▸ **PROBLEM STATEMENT**
When a line of the entries contains the word "thesis", report that line.

▸ **EXERCISE MATERIALS**
---
(* Let $n\ge 1$, let $Z$ be a vector space over $\mathbf{F}_2$, and let $V$ be the $\mathbf{F}_2$-space of all subsets of $I_n=\{1,\dots,n\}$ with addition the symmetric difference $\triangle$ (so the singletons $\{1\},\dots,\{n\}$ form a basis). Then $$Z^2(V,Z)=Z^2_0(V,Z)\oplus B^2(V,Z).$$
   Context: A cocycle is a map $f:V\times V\to Z$ satisfying, for all $v_1,v_2\in V$: $f(0,v_1)=0$, $f(v_1,v_1)=0$, $f(v_1,v_2)=f(v_2,v_1)$ and $f(v_1+v_2,v_2)=f(v_1,v_2)$ (here $0=\emptyset$). $Z^2(V,Z)$ is the $\mathbf{F}_2$-space of all cocycles. $B^2(V,Z)$ is the subspace of maps $\delta(g)(v_1,v_2)=g(v_1+v_2)+g(v_1)+g(v_2)$ where $g:V\to Z$ ranges over functions with $g(0)=0$. $Z^2_0(V,Z)$ is the subspace of cocycles $f$ such that $f(\sigma,\{i\})=0$ for every nonempty $\sigma\subseteq I_n$ and every $i\in I_n$ with $i>\max(\sigma)$. *)

theory Defs
  imports Main
begin

definition symdiff :: "'a set \<Rightarrow> 'a set \<Rightarrow> 'a set" where
  "symdiff A B = (A - B) \<union> (B - A)"

definition Vn :: "nat \<Rightarrow> nat set set" where
  "Vn n = Pow {1..n}"

text \<open>Maps V x V -> Z are represented as functions that vanish outside V x V.\<close>
definition Z2 :: "nat \<Rightarrow> (nat set \<Rightarrow> nat set \<Rightarrow> 'z::ab_group_add) set" where
  "Z2 n = {f. (\<forall>a b. (a \<notin> Vn n \<or> b \<notin> Vn n) \<longrightarrow> f a b = 0) \<and>
     (\<forall>v1\<in>Vn n. \<forall>v2\<in>Vn n.
        f {} v1 = 0 \<and> f v1 v1 = 0 \<and> f v1 v2 = f v2 v1 \<and> f (symdiff v1 v2) v2 = f v1 v2)}"

definition B2 :: "nat \<Rightarrow> (nat set \<Rightarrow> nat set \<Rightarrow> 'z::ab_group_add) set" where
  "B2 n = {(\<lambda>a b. if a \<in> Vn n \<and> b \<in> Vn n then g (symdiff a b) + g a + g b else 0)
            | g. g {} = 0}"

definition Z2_0 :: "nat \<Rightarrow> (nat set \<Rightarrow> nat set \<Rightarrow> 'z::ab_group_add) set" where
  "Z2_0 n = {f \<in> Z2 n. \<forall>\<sigma> i. \<sigma> \<noteq> {} \<and> \<sigma> \<subseteq> {1..n} \<and> i \<in> {1..n} \<and> i > Max \<sigma>
                 \<longrightarrow> f \<sigma> {i} = 0}"

end

theory Submission
  imports Defs
begin

text \<open>Every cocycle F is cohomologous to one in \<open>Z2_0\<close>: with the flag cochain
  g \<tau> = \<Sum>j\<in>\<tau>. F {x\<in>\<tau>. x < j} {j}, adding the largest element i to \<sigma> gives
  g (\<sigma> \<union> {i}) + g \<sigma> = F \<sigma> {i}, so \<delta>g agrees with F on all pairs (\<sigma>, {i}) with i > max \<sigma>.
  Conversely, if \<delta>g vanishes on these pairs, induction on the largest element shows
  that g is additive, and in characteristic 2 the coboundary of an additive map is zero.\<close>

lemma symdiff_empty_left [simp]: "symdiff {} A = A"
  and symdiff_self [simp]: "symdiff A A = {}"
  and symdiff_symdiff_cancel [simp]: "symdiff (symdiff A B) B = A"
  unfolding symdiff_def by auto

lemma symdiff_commute: "symdiff A B = symdiff B A"
  unfolding symdiff_def by auto

lemma symdiff_singleton_notin: "i \<notin> A \<Longrightarrow> symdiff A {i} = insert i A"
  unfolding symdiff_def by auto

lemma symdiff_in_Vn: "A \<in> Vn n \<Longrightarrow> B \<in> Vn n \<Longrightarrow> symdiff A B \<in> Vn n"
  unfolding symdiff_def Vn_def by auto

lemma char2_add_eq_0_iff:
  fixes a b :: "'z::ab_group_add"
  assumes char2: "\<And>z::'z. z + z = 0"
  shows "a + b = 0 \<longleftrightarrow> a = b"
  by (metis char2 minus_unique)

lemma sum_symdiff_char2:
  fixes h :: "'a \<Rightarrow> 'z::ab_group_add"
  assumes char2: "\<And>z::'z. z + z = 0" and "finite A" "finite B"
  shows "sum h (symdiff A B) = sum h A + sum h B"
proof -
  have "sum h (symdiff A B) = sum h (A - B) + sum h (B - A)"
    unfolding symdiff_def using assms(2,3) by (intro sum.union_disjoint) auto
  also have "\<dots> = sum h (A - B) + sum h (B - A) + (sum h (A \<inter> B) + sum h (A \<inter> B))"
    by (simp add: char2)
  also have "\<dots> = (sum h (A \<inter> B) + sum h (A - B)) + (sum h (B \<inter> A) + sum h (B - A))"
    by (simp add: ac_simps Int_commute)
  also have "\<dots> = sum h A + sum h B"
    using assms(2,3) by (simp add: sum.Int_Diff[symmetric])
  finally show ?thesis .
qed

lemma Z2_add: "f \<in> Z2 n \<Longrightarrow> h \<in> Z2 n \<Longrightarrow> (\<lambda>a b. f a b + h a b) \<in> Z2 n"
  unfolding Z2_def by auto

lemma Z2_diff: "f \<in> Z2 n \<Longrightarrow> h \<in> Z2 n \<Longrightarrow> (\<lambda>a b. f a b - h a b) \<in> Z2 n"
  unfolding Z2_def by auto

lemma Z2_0_iff:
  "f \<in> Z2_0 n \<longleftrightarrow> f \<in> Z2 n \<and>
     (\<forall>\<sigma> i. \<sigma> \<noteq> {} \<and> \<sigma> \<subseteq> {1..n} \<and> i \<in> {1..n} \<and> (\<forall>x\<in>\<sigma>. x < i) \<longrightarrow> f \<sigma> {i} = 0)"
proof -
  have "\<sigma> \<noteq> {} \<and> \<sigma> \<subseteq> {1..n} \<and> i \<in> {1..n} \<and> Max \<sigma> < i \<longleftrightarrow>
        \<sigma> \<noteq> {} \<and> \<sigma> \<subseteq> {1..n} \<and> i \<in> {1..n} \<and> (\<forall>x\<in>\<sigma>. x < i)" for \<sigma> and i :: nat
    using finite_subset[of \<sigma> "{1..n}"] Max_less_iff[of \<sigma> i] by blast
  then show ?thesis
    unfolding Z2_0_def by (simp only: mem_Collect_eq)
qed

definition coboundary :: "nat \<Rightarrow> (nat set \<Rightarrow> 'z::ab_group_add) \<Rightarrow> nat set \<Rightarrow> nat set \<Rightarrow> 'z" where
  "coboundary n g = (\<lambda>a b. if a \<in> Vn n \<and> b \<in> Vn n then g (symdiff a b) + g a + g b else 0)"

lemma B2_eq_coboundary: "B2 n = {coboundary n g | g. g {} = 0}"
  unfolding B2_def coboundary_def by simp

lemma coboundary_in_Z2:
  fixes g :: "nat set \<Rightarrow> 'z::ab_group_add"
  assumes char2: "\<And>z::'z. z + z = 0" and "g {} = 0"
  shows "coboundary n g \<in> Z2 n"
  unfolding Z2_def
proof (intro CollectI conjI allI impI ballI)
  fix a b
  assume "a \<notin> Vn n \<or> b \<notin> Vn n"
  then show "coboundary n g a b = 0"
    unfolding coboundary_def by auto
next
  fix v1 v2
  assume v: "v1 \<in> Vn n" "v2 \<in> Vn n"
  moreover have "{} \<in> Vn n" and "symdiff v1 v2 \<in> Vn n"
    using symdiff_in_Vn[OF v] unfolding Vn_def by auto
  ultimately show "coboundary n g {} v1 = 0" "coboundary n g v1 v1 = 0"
    and "coboundary n g (symdiff v1 v2) v2 = coboundary n g v1 v2"
    unfolding coboundary_def using assms by (simp_all add: ac_simps)
  show "coboundary n g v1 v2 = coboundary n g v2 v1"
    unfolding coboundary_def by (simp add: ac_simps symdiff_commute)
qed

lemma coboundary_singleton:
  assumes "\<sigma> \<subseteq> {1..n}" "i \<in> {1..n}" "i \<notin> \<sigma>"
  shows "coboundary n g \<sigma> {i} = g (insert i \<sigma>) + g \<sigma> + g {i}"
  using assms unfolding coboundary_def Vn_def by (simp add: symdiff_singleton_notin)

definition flag_cochain :: "(nat set \<Rightarrow> nat set \<Rightarrow> 'z::ab_group_add) \<Rightarrow> nat set \<Rightarrow> 'z" where
  "flag_cochain F \<tau> = (\<Sum>j\<in>\<tau>. F {x\<in>\<tau>. x < j} {j})"

lemma flag_cochain_empty [simp]: "flag_cochain F {} = 0"
  unfolding flag_cochain_def by simp

lemma flag_cochain_singleton: "flag_cochain F {i} = F {} {i}"
  unfolding flag_cochain_def by (simp cong: conj_cong)

lemma flag_cochain_insert_greater:
  assumes "finite \<sigma>" "\<forall>x\<in>\<sigma>. x < i"
  shows "flag_cochain F (insert i \<sigma>) = F \<sigma> {i} + flag_cochain F \<sigma>"
proof -
  have "i \<notin> \<sigma>" and "{x \<in> insert i \<sigma>. x < i} = \<sigma>"
    using assms(2) by auto
  moreover have "{x \<in> insert i \<sigma>. x < j} = {x \<in> \<sigma>. x < j}" if "j \<in> \<sigma>" for j
    using assms(2) that by auto
  ultimately show ?thesis
    unfolding flag_cochain_def using assms(1) by simp
qed

lemma cocycle_diff_flag_coboundary_in_Z2_0:
  fixes F :: "nat set \<Rightarrow> nat set \<Rightarrow> 'z::ab_group_add"
  assumes char2: "\<And>z::'z. z + z = 0" and F: "F \<in> Z2 n"
  shows "(\<lambda>a b. F a b - coboundary n (flag_cochain F) a b) \<in> Z2_0 n"
  unfolding Z2_0_iff
proof (intro conjI allI impI)
  show "(\<lambda>a b. F a b - coboundary n (flag_cochain F) a b) \<in> Z2 n"
    using F coboundary_in_Z2[where g = "flag_cochain F", OF char2 flag_cochain_empty] by (rule Z2_diff)
  fix \<sigma> i
  assume "\<sigma> \<noteq> {} \<and> \<sigma> \<subseteq> {1..n} \<and> i \<in> {1..n} \<and> (\<forall>x\<in>\<sigma>. x < i)"
  then have \<sigma>: "\<sigma> \<subseteq> {1..n}" and i: "i \<in> {1..n}" and less: "\<forall>x\<in>\<sigma>. x < i"
    by auto
  have "F {} {i} = 0"
    using F i unfolding Z2_def Vn_def by auto
  moreover have "i \<notin> \<sigma>"
    using less by blast
  ultimately have "coboundary n (flag_cochain F) \<sigma> {i}
      = F \<sigma> {i} + (flag_cochain F \<sigma> + flag_cochain F \<sigma>)"
    using less \<sigma> i finite_subset[OF \<sigma> finite_atLeastAtMost]
    by (simp add: coboundary_singleton flag_cochain_insert_greater flag_cochain_singleton ac_simps)
  then show "F \<sigma> {i} - coboundary n (flag_cochain F) \<sigma> {i} = 0"
    by (simp add: char2)
qed

lemma additive_if_coboundary_vanishes_on_flags:
  fixes g :: "nat set \<Rightarrow> 'z::ab_group_add"
  assumes char2: "\<And>z::'z. z + z = 0" and "g {} = 0"
    and flags: "\<And>\<sigma> i. \<sigma> \<noteq> {} \<Longrightarrow> \<sigma> \<subseteq> {1..n} \<Longrightarrow> i \<in> {1..n} \<Longrightarrow> \<forall>x\<in>\<sigma>. x < i
                  \<Longrightarrow> g (insert i \<sigma>) + g \<sigma> + g {i} = 0"
    and \<tau>: "\<tau> \<subseteq> {1..n}"
  shows "g \<tau> = (\<Sum>j\<in>\<tau>. g {j})"
  using finite_subset[OF \<tau> finite_atLeastAtMost] \<tau>
proof (induction \<tau> rule: finite_linorder_max_induct)
  case empty
  then show ?case using \<open>g {} = 0\<close> by simp
next
  case (insert i \<sigma>)
  then have "i \<notin> \<sigma>" by blast
  show ?case
  proof (cases "\<sigma> = {}")
    case True
    then show ?thesis by simp
  next
    case False
    then have "g (insert i \<sigma>) = g \<sigma> + g {i}"
      using flags[of \<sigma> i] insert by (simp add: add.assoc char2_add_eq_0_iff[OF char2])
    then show ?thesis
      using insert \<open>i \<notin> \<sigma>\<close> by (simp add: add.commute)
  qed
qed

lemma coboundary_additive_eq_0:
  fixes g :: "nat set \<Rightarrow> 'z::ab_group_add"
  assumes char2: "\<And>z::'z. z + z = 0"
    and additive: "\<And>\<tau>. \<tau> \<subseteq> {1..n} \<Longrightarrow> g \<tau> = (\<Sum>j\<in>\<tau>. g {j})"
  shows "coboundary n g = (\<lambda>a b. 0)"
proof (intro ext)
  fix a b
  show "coboundary n g a b = 0"
  proof (cases "a \<in> Vn n \<and> b \<in> Vn n")
    case True
    then have "a \<subseteq> {1..n}" "b \<subseteq> {1..n}" "symdiff a b \<subseteq> {1..n}"
      using symdiff_in_Vn[of a n b] unfolding Vn_def by auto
    moreover have "finite a" "finite b"
      using calculation by (meson finite_atLeastAtMost finite_subset)+
    ultimately have "coboundary n g a b
        = ((\<Sum>j\<in>a. g {j}) + (\<Sum>j\<in>b. g {j})) + ((\<Sum>j\<in>a. g {j}) + (\<Sum>j\<in>b. g {j}))"
      unfolding coboundary_def using True sum_symdiff_char2[OF char2] by (simp add: additive)
    then show ?thesis
      by (simp only: char2)
  qed (auto simp: coboundary_def)
qed

lemma Z2_eq_Z2_0_plus_B2:
  assumes char2: "\<And>z::'z::ab_group_add. z + z = 0"
  shows "Z2 n = {(\<lambda>a b. f a b + g a b) | f g. f \<in> (Z2_0 n :: (nat set \<Rightarrow> nat set \<Rightarrow> 'z) set) \<and> g \<in> B2 n}"
proof (intro set_eqI iffI)
  fix F :: "nat set \<Rightarrow> nat set \<Rightarrow> 'z"
  assume "F \<in> Z2 n"
  define G where "G = coboundary n (flag_cochain F)"
  have "(\<lambda>a b. F a b - G a b) \<in> Z2_0 n"
    unfolding G_def using \<open>F \<in> Z2 n\<close> by (rule cocycle_diff_flag_coboundary_in_Z2_0[OF char2])
  moreover have "G \<in> B2 n"
    unfolding G_def B2_eq_coboundary by auto
  moreover have "F = (\<lambda>a b. (F a b - G a b) + G a b)"
    by simp
  ultimately show "F \<in> {(\<lambda>a b. f a b + g a b) | f g. f \<in> Z2_0 n \<and> g \<in> B2 n}"
    by (intro CollectI exI conjI)
next
  fix F :: "nat set \<Rightarrow> nat set \<Rightarrow> 'z"
  assume "F \<in> {(\<lambda>a b. f a b + g a b) | f g. f \<in> Z2_0 n \<and> g \<in> B2 n}"
  then obtain f g where F: "F = (\<lambda>a b. f a b + g a b)" and "f \<in> Z2_0 n" and "g \<in> B2 n"
    by blast
  then have "f \<in> Z2 n" and "g \<in> Z2 n"
    unfolding Z2_0_def B2_eq_coboundary using coboundary_in_Z2[OF char2] by auto
  then show "F \<in> Z2 n"
    unfolding F by (rule Z2_add)
qed

lemma Z2_0_inter_B2:
  assumes char2: "\<And>z::'z::ab_group_add. z + z = 0"
  shows "Z2_0 n \<inter> B2 n = {(\<lambda>a b. 0 :: 'z)}"
proof (intro set_eqI iffI)
  fix F :: "nat set \<Rightarrow> nat set \<Rightarrow> 'z"
  assume "F \<in> Z2_0 n \<inter> B2 n"
  then obtain g where F: "F = coboundary n g" and "g {} = 0" and "F \<in> Z2_0 n"
    unfolding B2_eq_coboundary by blast
  then have "g (insert i \<sigma>) + g \<sigma> + g {i} = 0"
    if "\<sigma> \<noteq> {}" "\<sigma> \<subseteq> {1..n}" "i \<in> {1..n}" "\<forall>x\<in>\<sigma>. x < i" for \<sigma> i
    using that coboundary_singleton[of \<sigma> n i g] unfolding Z2_0_iff by auto
  then have "coboundary n g = (\<lambda>a b. 0)"
    using additive_if_coboundary_vanishes_on_flags[where g = g, OF char2 \<open>g {} = 0\<close>]
    by (intro coboundary_additive_eq_0[OF char2]) blast
  then show "F \<in> {(\<lambda>a b. 0)}"
    using F by simp
next
  fix F :: "nat set \<Rightarrow> nat set \<Rightarrow> 'z"
  assume "F \<in> {(\<lambda>a b. 0)}"
  then have F: "F = (\<lambda>a b. 0)"
    by simp
  have "F = coboundary n (\<lambda>_. 0)"
    unfolding F coboundary_def by (intro ext) simp
  then have "F \<in> B2 n"
    unfolding B2_eq_coboundary by blast
  moreover have "F \<in> Z2_0 n"
    unfolding F Z2_0_def Z2_def by simp
  ultimately show "F \<in> Z2_0 n \<inter> B2 n"
    by blast
qed

theorem mainTheorem2:
  fixes n :: nat
  assumes "n \<ge> 1"
    and char2: "\<forall>z::'z::ab_group_add. z + z = 0"
  shows "Z2 n = {(\<lambda>a b. f a b + g a b) | f g. f \<in> (Z2_0 n :: (nat set \<Rightarrow> nat set \<Rightarrow> 'z) set) \<and> g \<in> B2 n}
         \<and> Z2_0 n \<inter> B2 n = {(\<lambda>a b. 0 :: 'z)}"
proof -
  from char2 have char2': "\<And>z::'z. z + z = 0"
    by blast
  show ?thesis
    using Z2_eq_Z2_0_plus_B2[OF char2'] Z2_0_inter_B2[OF char2'] by (rule conjI)
qed

end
---
▸ **RESULT FOR THIS TASK**
  finally show ?thesis .
  then show ?thesis
  ultimately show ?thesis
    then show ?thesis by simp
    then show ?thesis
    then show ?thesis
  show ?thesis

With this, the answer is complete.